Dieser Umstand ist brisant, denn das Schwyzer Migrationsamt führte schon eine Untersuchung, weil es Zweifel hatte am Lebensmittelpunkt der Schwester in Wilen bei Wollerau. Das Verfahren wurde aber eingestellt, da sie offenbar glaubhaft machen konnte, dass sie dort wohnt. Aktuell möchte sie sich einbürgern lassen, wie ihr Anwalt Thomas Hofer vor Gericht ausführte. Mit der Verurteilung dürften die Chancen dafür jedoch stark gesunken sein. Dass die beiden ihren Lebensmittelpunkt im Kanton Schwyz haben, kann zumindest bezweifelt werden. Denn auf die Geschwister ist eine aktive Einzelfirma in Basel eingetragen und sie besitzen hier insgesamt fünf Wohnliegenschaften. 

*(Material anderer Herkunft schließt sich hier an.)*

(* A (closed linear) subspace $X$ of $C([0,\omega_1])$ is separable if and only if there is a countable ordinal $\sigma$ such that $X$ is contained in the range of the projection $\widetilde{P}_\sigma$.
   Context: $\omega_1$ is the first uncountable ordinal; $[0,\omega_1]$ has the order topology and $C([0,\omega_1])$ is the Banach space of continuous scalar-valued functions with sup norm. For a countable ordinal $\sigma$, $\widetilde{P}_\sigma$ is the operator on $C([0,\omega_1])$ given by $\widetilde{P}_\sigma f=f\cdot\mathbf{1}_{[0,\sigma]}+f(\omega_1)\mathbf{1}_{[\sigma+1,\omega_1]}$. *)

theory Defs
  imports "HOL-Analysis.Analysis"
begin

text \<open>The interval [0,omega_1] is modelled by a type 'a of class wellorder with the
order topology (linorder_topology) having a greatest element om such that
every proper initial segment {..<x} (x < om) is countable while {..<om} is not.
This characterises omega_1 + 1 up to order isomorphism.\<close>

definition omega1_plus_one :: "'a::{wellorder,linorder_topology} \<Rightarrow> bool" where
  "omega1_plus_one om \<longleftrightarrow> (\<forall>x. x \<le> om) \<and> (\<forall>x<om. countable {..<x}) \<and> \<not> countable {..<om}"

definition Ptilde :: "'a::{wellorder,linorder_topology} \<Rightarrow> 'a \<Rightarrow> ('a \<Rightarrow>\<^sub>C 'b::real_normed_field) \<Rightarrow> ('a \<Rightarrow>\<^sub>C 'b)" where
  "Ptilde om \<sigma> f = Bcontfun (\<lambda>x. if x \<le> \<sigma> then apply_bcontfun f x else apply_bcontfun f om)"

definition separable_set :: "'b::metric_space set \<Rightarrow> bool" where
  "separable_set X \<longleftrightarrow> (\<exists>D. countable D \<and> D \<subseteq> X \<and> X \<subseteq> closure D)"

end

theory Submission
  imports Defs "HOL-Computational_Algebra.Fundamental_Theorem_Algebra"
begin

text \<open>
  A continuous function on \<open>[0, \<omega>\<^sub>1]\<close> is constant on a tail \<open>(s, \<omega>\<^sub>1]\<close> with \<open>s\<close> countable,
  because \<open>\<omega>\<^sub>1\<close> has uncountable cofinality. For a separable \<open>X\<close> the countably many tails of a
  dense subset have a common countable bound \<open>\<sigma>\<close>, and being constant after \<open>\<sigma>\<close> is a closed
  condition; the functions constant after \<open>\<sigma>\<close> are exactly the range of \<open>P\<sigma>\<close>.
  Conversely, a function constant after a countable \<open>\<sigma>\<close> is uniformly approximated by step
  functions that jump only at finitely many points of the countable set \<open>[0, \<sigma>] \<union> {\<omega>\<^sub>1}\<close>
  and take values in a countable dense set of scalars. The scalar field is separable because
  a real normed field is at most two-dimensional over \<open>\<real>\<close> (Ostrowski): every element is a
  root of a real quadratic, as the minimum of \<open>|\<xi>\<^sup>2 + b\<xi> + c|\<close> over real \<open>b, c\<close> must vanish.
\<close>

section \<open>Real normed fields are separable\<close>

definition rpoly :: "real poly \<Rightarrow> 'a::{real_algebra_1,comm_ring_1} \<Rightarrow> 'a" where
  "rpoly p x = poly (map_poly of_real p) x"

lemma map_poly_of_real_add:
  "map_poly (of_real :: real \<Rightarrow> 'a::{real_algebra_1,comm_ring_1}) (p + q) = map_poly of_real p + map_poly of_real q"
  by (intro poly_eqI) (simp add: coeff_map_poly)

lemma map_poly_of_real_mult:
  "map_poly (of_real :: real \<Rightarrow> 'a::{real_algebra_1,comm_ring_1}) (p * q) = map_poly of_real p * map_poly of_real q"
  by (induction p rule: pCons_induct) (simp_all add: map_poly_of_real_add map_poly_pCons map_poly_smult)

lemma rpoly_0 [simp]: "rpoly 0 x = 0"
  and rpoly_1 [simp]: "rpoly 1 x = 1"
  and rpoly_pCons [simp]: "rpoly (pCons a p) x = of_real a + x * rpoly p x"
  and rpoly_add [simp]: "rpoly (p + q) x = rpoly p x + rpoly q x"
  and rpoly_mult [simp]: "rpoly (p * q) x = rpoly p x * rpoly q x"
  by (simp_all add: rpoly_def map_poly_pCons map_poly_of_real_add map_poly_of_real_mult)

lemma rpoly_power [simp]: "rpoly (p ^ n) x = rpoly p x ^ n"
  by (induction n) auto

lemma rpoly_diff [simp]: "rpoly (p - q) x = rpoly p x - rpoly q x"
  by (metis add_diff_cancel rpoly_add diff_add_cancel)

lemma rpoly_of_real: "rpoly p (of_real r) = of_real (poly p r)"
  by (induction p rule: pCons_induct) auto

lemma real_poly_has_complex_root:
  fixes P :: "real poly"
  assumes "degree P > 0"
  obtains w :: complex where "rpoly P w = 0"
proof -
  have "degree (map_poly (of_real :: real \<Rightarrow> complex) P) = degree P"
    by (rule degree_map_poly) simp
  then have "\<not> constant (poly (map_poly (of_real :: real \<Rightarrow> complex) P))"
    using assms by (simp add: constant_degree)
  then show ?thesis using fundamental_theorem_of_algebra that unfolding rpoly_def by blast
qed

lemma real_poly_nonreal_root_quadratic_factor:
  fixes P :: "real poly" and w :: complex
  assumes "rpoly P w = 0" "Im w \<noteq> 0"
  shows "\<exists>b c R. P = [:c, b, 1:] * R"
proof -
  define Q where "Q = [:Re w * Re w + Im w * Im w, -2 * Re w, 1:]"
  have "rpoly Q w = 0"
    by (simp add: Q_def complex_eq_iff algebra_simps power2_eq_square)
  define r where "r = P mod Q"
  have P_eq: "P = Q * (P div Q) + r" by (simp add: r_def)
  have "rpoly r w = 0"
    using assms(1) \<open>rpoly Q w = 0\<close> P_eq by (metis add_0 rpoly_add rpoly_mult mult_zero_left)
  have "degree r \<le> 1"
    using degree_mod_less[of Q P] by (fastforce simp: Q_def r_def)
  then have r_eq: "r = [:coeff r 0, coeff r 1:]"
    by (intro poly_eqI) (auto simp: coeff_pCons coeff_eq_0 split: nat.splits)
  then have "of_real (coeff r 0) + w * of_real (coeff r 1) = 0"
    using \<open>rpoly r w = 0\<close> by (metis rpoly_pCons rpoly_0 mult_zero_right add_0_right)
  then have "coeff r 1 = 0" "coeff r 0 = 0"
    using assms(2) by (auto simp: complex_eq_iff)
  then have "r = 0" using r_eq by simp
  then have "P = Q * (P div Q)" using P_eq by simp
  then show ?thesis unfolding Q_def by blast
qed

lemma real_poly_quadratic_factor:
  fixes P :: "real poly"
  assumes "degree P \<ge> 2"
  shows "\<exists>b c R. P = [:c, b, 1:] * R"
proof (cases "\<exists>w::complex. rpoly P w = 0 \<and> Im w \<noteq> 0")
  case True
  then show ?thesis using real_poly_nonreal_root_quadratic_factor by blast
next
  case False
  have linear_factor: "\<exists>a R. Q = [:- a, 1:] * R" if "degree Q > 0" "Q dvd P" for Q
  proof -
    obtain w :: complex where w: "rpoly Q w = 0"
      using real_poly_has_complex_root \<open>degree Q > 0\<close> by blast
    moreover have "rpoly P w = 0"
      using \<open>Q dvd P\<close> w by (auto simp: dvd_def)
    ultimately have "poly Q (Re w) = 0"
      using False by (metis complex_eq_iff rpoly_of_real complex_of_real_def complex.sel
          zero_complex.sel(1))
    then show ?thesis by (meson dvdE poly_eq_0_iff_dvd)
  qed
  obtain a P1 where P1: "P = [:- a, 1:] * P1"
    using linear_factor[of P] assms by auto
  then have "P1 \<noteq> 0"
    using assms by auto
  then have "degree P = Suc (degree P1)"
    unfolding P1 by (subst degree_mult_eq) auto
  obtain a' P2 where P2: "P1 = [:- a', 1:] * P2"
  proof -
    have "P1 dvd P" unfolding P1 by (rule dvd_triv_right)
    then show ?thesis using linear_factor[of P1] assms \<open>degree P = Suc (degree P1)\<close> that by fastforce
  qed
  have "[:- a, 1:] * [:- a', 1:] = [:a * a', - a - a', 1:]"
    by (simp add: algebra_simps)
  then have "P = [:a * a', - a - a', 1:] * P2"
    unfolding P1 P2 by (metis mult.assoc)
  then show ?thesis by blast
qed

Häuser gekauft und leer gelassen

Die Geschwister waren offenbar in der Lage, in kürzerer Zeit Millionen in Liegenschaften in Basel zu investieren. Bekannt ist, dass sie 2009 die inkriminierte Liegenschaft an der Färberstrasse für 1,7 Millionen Franken kauften. Weiter gehören ihnen Wohnhäuser an der Gärtnerstrasse, Grenzacherstrasse und Feldbergstrasse. Dies bestätigt auch eine Abfrage der Grundbuchdatenbank des Crowdsourcing-Projekts «Wem gehört Basel?» des Onlineportals «Bajour». Ein Abgleich mit aktuellen, unbeglaubigten Grundbuchauszügen bestätigt dies.

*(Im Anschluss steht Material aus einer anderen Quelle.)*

(* Let $\alpha>0$, let $X_{0-}$ be a real-valued random variable and let $Z$ be a continuous stochastic process with $Z_0=0$, independent of $X_{0-}$, satisfying the crossing property (see context). For $\ell\in M$ define $\Gamma[\ell]_t=\mathbb{P}(\tau[\ell]\le t)$ with $\tau[\ell]=\inf\{t\ge0:X_{0-}+Z_t-\alpha\ell_t\le0\}$, and for $\Delta>0$ define $\Gamma_\Delta[\ell]_t=\mathbb{P}(\tau^\Delta[\ell]\le t)$ with $\tau^\Delta[\ell]=\inf\{t\ge0:X_{0-}+Z_{\Delta\lfloor t/\Delta\rfloor}-\alpha\ell_{\Delta\lfloor t/\Delta\rfloor}\le0\}$. Let $\Delta_n>0$ with $\Delta_n\to0$ and suppose $\ell^n\to\ell$ in $M$. Then $\lim_{n\to\infty}\Gamma_{\Delta_n}[\ell^n]=\Gamma[\ell]$ in $M$.
   Context: Crossing property: for every stopping time $\tau$ with respect to the natural filtration of $X_{0-}+Z$ and every $h>0$, $\mathbb{P}(\tau<\infty,\ \inf_{0\le s\le h}(Z_{\tau+s}-Z_\tau)=0)=0$. $M$ is the set of càdlàg increasing functions $\ell:\overline{\mathbb{R}}\to[0,1]$ ($\overline{\mathbb{R}}$ the two-point compactification of $\mathbb{R}$) with $\ell_{0-}=0$ and $\ell_\infty=1$, with the topology: $\ell^n\to\ell$ iff $\ell^n_t\to\ell_t$ for all $t\in[0,\infty]$ at which $\ell$ is continuous. *)

theory Defs
  imports "HOL-Probability.Probability"
begin

definition in_M :: "(ereal \<Rightarrow> real) \<Rightarrow> bool" where
  "in_M l \<longleftrightarrow> mono l \<and> (\<forall>t. l t \<in> {0..1})
     \<and> (\<forall>t. continuous (at t within {t..}) l)
     \<and> (\<forall>t. \<exists>L. (l \<longlongrightarrow> L) (at_left t))
     \<and> (l \<longlongrightarrow> 0) (at_left 0) \<and> l \<infinity> = 1"

definition conv_M :: "(nat \<Rightarrow> ereal \<Rightarrow> real) \<Rightarrow> (ereal \<Rightarrow> real) \<Rightarrow> bool" where
  "conv_M ls l \<longleftrightarrow> (\<forall>t. 0 \<le> t \<longrightarrow> isCont l t \<longrightarrow> (\<lambda>n. ls n t) \<longlonglongrightarrow> l t)"

definition nat_filtration :: "'a measure \<Rightarrow> (real \<Rightarrow> 'a \<Rightarrow> real) \<Rightarrow> ereal \<Rightarrow> 'a measure" where
  "nat_filtration P Y t = sigma (space P)
     {Y s -` B \<inter> space P | s B. 0 \<le> s \<and> ereal s \<le> t \<and> B \<in> sets borel}"

definition crossing_property ::
  "'a measure \<Rightarrow> ('a \<Rightarrow> real) \<Rightarrow> (real \<Rightarrow> 'a \<Rightarrow> real) \<Rightarrow> bool" where
  "crossing_property P X Z \<longleftrightarrow>
     (\<forall>\<tau> :: 'a \<Rightarrow> ereal. stopping_time (nat_filtration P (\<lambda>s \<omega>. X \<omega> + Z s \<omega>)) \<tau> \<longrightarrow>
       (\<forall>h>0. AE \<omega> in P. \<not> (\<tau> \<omega> < \<infinity> \<and>
          (INF s\<in>{0..h}. Z (real_of_ereal (\<tau> \<omega>) + s) \<omega> - Z (real_of_ereal (\<tau> \<omega>)) \<omega>) = 0)))"

text \<open>Hitting time tau[l] (inf of the empty set is infinity).\<close>
definition hit_time ::
  "real \<Rightarrow> ('a \<Rightarrow> real) \<Rightarrow> (real \<Rightarrow> 'a \<Rightarrow> real) \<Rightarrow> (ereal \<Rightarrow> real) \<Rightarrow> 'a \<Rightarrow> ereal" where
  "hit_time \<alpha> X Z l \<omega> = Inf {ereal t | t. 0 \<le> t \<and> X \<omega> + Z t \<omega> - \<alpha> * l (ereal t) \<le> 0}"

definition hit_time_disc ::
  "real \<Rightarrow> ('a \<Rightarrow> real) \<Rightarrow> (real \<Rightarrow> 'a \<Rightarrow> real) \<Rightarrow> real \<Rightarrow> (ereal \<Rightarrow> real) \<Rightarrow> 'a \<Rightarrow> ereal" where
  "hit_time_disc \<alpha> X Z \<Delta> l \<omega> = Inf {ereal t | t. 0 \<le> t \<and>
      X \<omega> + Z (\<Delta> * of_int \<lfloor>t / \<Delta>\<rfloor>) \<omega> - \<alpha> * l (ereal (\<Delta> * of_int \<lfloor>t / \<Delta>\<rfloor>)) \<le> 0}"

definition Gam ::
  "'a measure \<Rightarrow> real \<Rightarrow> ('a \<Rightarrow> real) \<Rightarrow> (real \<Rightarrow> 'a \<Rightarrow> real) \<Rightarrow> (ereal \<Rightarrow> real) \<Rightarrow> ereal \<Rightarrow> real" where
  "Gam P \<alpha> X Z l t = measure P {\<omega> \<in> space P. hit_time \<alpha> X Z l \<omega> \<le> t}"

definition Gam_disc ::
  "'a measure \<Rightarrow> real \<Rightarrow> ('a \<Rightarrow> real) \<Rightarrow> (real \<Rightarrow> 'a \<Rightarrow> real) \<Rightarrow> real \<Rightarrow> (ereal \<Rightarrow> real) \<Rightarrow> ereal \<Rightarrow> real" where
  "Gam_disc P \<alpha> X Z \<Delta> l t = measure P {\<omega> \<in> space P. hit_time_disc \<alpha> X Z \<Delta> l \<omega> \<le> t}"

end

theory Submission
  imports Defs
begin

(* The path f = X\<^sub>0\<^sub>- + Z - \<alpha> l is lower semicontinuous, since Z is continuous and l is
   increasing and right-continuous. Hence \<tau>[l] \<le> r means that f \<le> 0 somewhere on [0, r], an event
   decided by countably many times, so \<tau>[l] is a stopping time of the filtration of X\<^sub>0\<^sub>- + Z.

   Pathwise, if \<tau>[l] > r then f is bounded away from 0 on [0, r]; as l\<^sup>n is eventually below
   l(u) + \<epsilon> to the left of any continuity point u of l, the discretised barrier is not reached
   before r for large n. If \<tau>[l] < r, the crossing property at the stopping time \<tau>[l] lets Z drop
   strictly below its value at \<tau>[l] at some w < r; as l\<^sup>n is eventually above l(\<tau>[l]) - \<epsilon> to
   the right of \<tau>[l], a grid point just left of w is a discrete hit for large n.

   Fatou's lemma for sets turns this into limsup \<Gamma>\<^sub>\<Delta>\<^sub>n[l\<^sup>n]\<^sub>r \<le> \<Gamma>[l]\<^sub>r and
   liminf \<Gamma>\<^sub>\<Delta>\<^sub>n[l\<^sup>n]\<^sub>r \<ge> \<Gamma>[l]\<^sub>r\<^sub>-, which agree where \<Gamma>[l] is continuous. *)

lemma eventually_ball_compact:
  fixes K :: "'b::topological_space set"
  assumes "compact K"
    and "\<And>s. s \<in> K \<Longrightarrow> \<exists>U. open U \<and> s \<in> U \<and> eventually (\<lambda>n. \<forall>v\<in>U \<inter> K. P n v) F"
  shows "eventually (\<lambda>n. \<forall>v\<in>K. P n v) F"
proof -
  obtain U where U: "\<And>s. s \<in> K \<Longrightarrow> open (U s) \<and> s \<in> U s \<and> eventually (\<lambda>n. \<forall>v\<in>U s \<inter> K. P n v) F"
    using assms(2) by metis
  obtain C where C: "C \<subseteq> K" "finite C" "K \<subseteq> (\<Union>c\<in>C. U c)"
    using compactE_image[OF assms(1), of K U] U by blast
  have "eventually (\<lambda>n. \<forall>c\<in>C. \<forall>v\<in>U c \<inter> K. P n v) F"
    using C U by (subst eventually_ball_finite) auto
  then show ?thesis
    by eventually_elim (use C in blast)
qed

lemma exists_less_of_INF_ne_zero:
  fixes z :: "real \<Rightarrow> real"
  assumes "continuous_on {a..a + h} z" "0 \<le> h" "(INF s\<in>{0..h}. z (a + s) - z a) \<noteq> 0"
  shows "\<exists>w. a < w \<and> w \<le> a + h \<and> z w < z a"
proof -
  define I where "I = (\<lambda>s. z (a + s) - z a) ` {0..h}"
  have "continuous_on {0..h} (\<lambda>s. z (a + s) - z a)"
    by (intro continuous_intros continuous_on_compose2[OF assms(1)]) auto
  then have "bdd_below I"
    unfolding I_def by (intro bounded_imp_bdd_below compact_imp_bounded compact_continuous_image compact_Icc)
  moreover have "0 \<in> I" unfolding I_def using assms(2) by (auto intro!: image_eqI[of _ _ 0])
  ultimately have "Inf I \<le> 0" by (intro cInf_lower)
  moreover have "Inf I \<noteq> 0" using assms(3) by (simp add: I_def)
  ultimately have "Inf I < 0" by simp
  then obtain s where "s \<in> {0..h}" "z (a + s) - z a < 0"
    using cInf_less_iff[of I 0] \<open>bdd_below I\<close> \<open>0 \<in> I\<close> unfolding I_def by auto
  moreover from this have "s \<noteq> 0" by auto
  ultimately show ?thesis by (intro exI[of _ "a + s"]) auto
qed

lemma isCont_ereal_approx_left:
  fixes f :: "ereal \<Rightarrow> real"
  assumes "isCont f (ereal r)" "a < f (ereal r)"
  shows "\<exists>c<r. a < f (ereal c)"
proof -
  have "(\<lambda>k. r - inverse (Suc k)) \<longlonglongrightarrow> r - 0"
    by (intro tendsto_diff tendsto_const LIMSEQ_inverse_real_of_nat)
  then have "(\<lambda>k. ereal (r - inverse (Suc k))) \<longlonglongrightarrow> ereal r"
    unfolding lim_ereal by simp
  then have "(\<lambda>k. f (ereal (r - inverse (Suc k)))) \<longlonglongrightarrow> f (ereal r)"
    by (rule isCont_tendsto_compose[OF assms(1)])
  then have "eventually (\<lambda>k. a < f (ereal (r - inverse (Suc k)))) sequentially"
    using assms(2) by (rule order_tendstoD(1))
  then obtain k where "a < f (ereal (r - inverse (Suc k)))"
    by (auto simp: eventually_sequentially)
  then show ?thesis by (intro exI[of _ "r - inverse (Suc k)"]) auto
qed

lemma grid_point_below:
  fixes D w :: real
  assumes "0 < D" "0 \<le> w"
  obtains k :: nat where "w - D < D * real k" "D * real k \<le> w"
proof
  have "0 \<le> \<lfloor>w / D\<rfloor>" using assms by simp
  then have k: "real (nat \<lfloor>w / D\<rfloor>) = of_int \<lfloor>w / D\<rfloor>" by simp
  have le: "of_int \<lfloor>w / D\<rfloor> \<le> w / D" and lt: "w / D < of_int \<lfloor>w / D\<rfloor> + 1" by linarith+
  have "D * of_int \<lfloor>w / D\<rfloor> \<le> w" "w < D * (of_int \<lfloor>w / D\<rfloor> + 1)"
    using mult_left_mono[OF le, of D] mult_strict_left_mono[OF lt assms(1)] assms(1) by simp_all
  then show "w - D < D * real (nat \<lfloor>w / D\<rfloor>)" "D * real (nat \<lfloor>w / D\<rfloor>) \<le> w"
    unfolding k using assms(1) by (simp_all add: field_simps)
qed

section \<open>Fatou-type bounds for measures of sets\<close>

lemma (in finite_measure) eventually_measure_less:
  assumes "\<And>n. A n \<in> sets M" "B \<in> sets M" "measure M B < a"
    and "AE x in M. x \<notin> B \<longrightarrow> eventually (\<lambda>n. x \<notin> A n) sequentially"
  shows "eventually (\<lambda>n. measure M (A n) < a) sequentially"
proof -
  define C where "C m = (\<Union>n\<in>{m..}. A n)" for m
  have C: "C m \<in> sets M" for m
    unfolding C_def using assms(1) by (intro sets.countable_UN) auto
  have "decseq C" unfolding decseq_def C_def by (intro allI impI UN_mono) auto
  with C have "(\<lambda>m. measure M (C m)) \<longlonglongrightarrow> measure M (\<Inter>m. C m)"
    by (intro finite_Lim_measure_decseq) auto
  moreover have "AE x in M. x \<in> (\<Inter>m. C m) \<longrightarrow> x \<in> B"
    using assms(4) by eventually_elim (auto simp: C_def eventually_sequentially)
  then have "measure M (\<Inter>m. C m) < a"
    using finite_measure_mono_AE[OF _ assms(2)] assms(3) by (meson le_less_trans)
  ultimately have "eventually (\<lambda>m. measure M (C m) < a) sequentially"
    by (rule order_tendstoD(2))
  then show ?thesis
  proof eventually_elim
    case (elim m)
    have "A m \<subseteq> C m" by (auto simp: C_def)
    then show ?case using finite_measure_mono[OF _ C] elim by (meson le_less_trans)
  qed
qed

Einige dieser Liegenschaften machten bereits Schlagzeilen. So wurde die Liegenschaft an der Gärtnerstrasse 2017 besetzt, nachdem sie fünf Jahre lang leer gestanden haben soll. Das Besetzer-Kollektiv prangerte damals in einem Schreiben auch an, dass eine weitere Liegenschaft der Geschwister an der Grenzacherstrasse ebenfalls seit Jahren ungenutzt sei. Ein Augenschein zeigt: Die Häuser an der Grenzacher-, Gärtner- und Feldbergstrasse sind entweder fast oder ganz ungenutzt und in bescheidenem Zustand. Die Geschwister können sich offenbar langjährige Leerstände ihrer Immobilien leisten.

20 Minuten konfrontierte die Geschwister und deren Anwälte mit den Recherchen. Eine Frist für eine Stellungnahme liessen sie ungenutzt verstreichen. Die Staatsanwaltschaft prüft einen Weiterzug des Urteils, wie sie auf Anfrage mitteilte.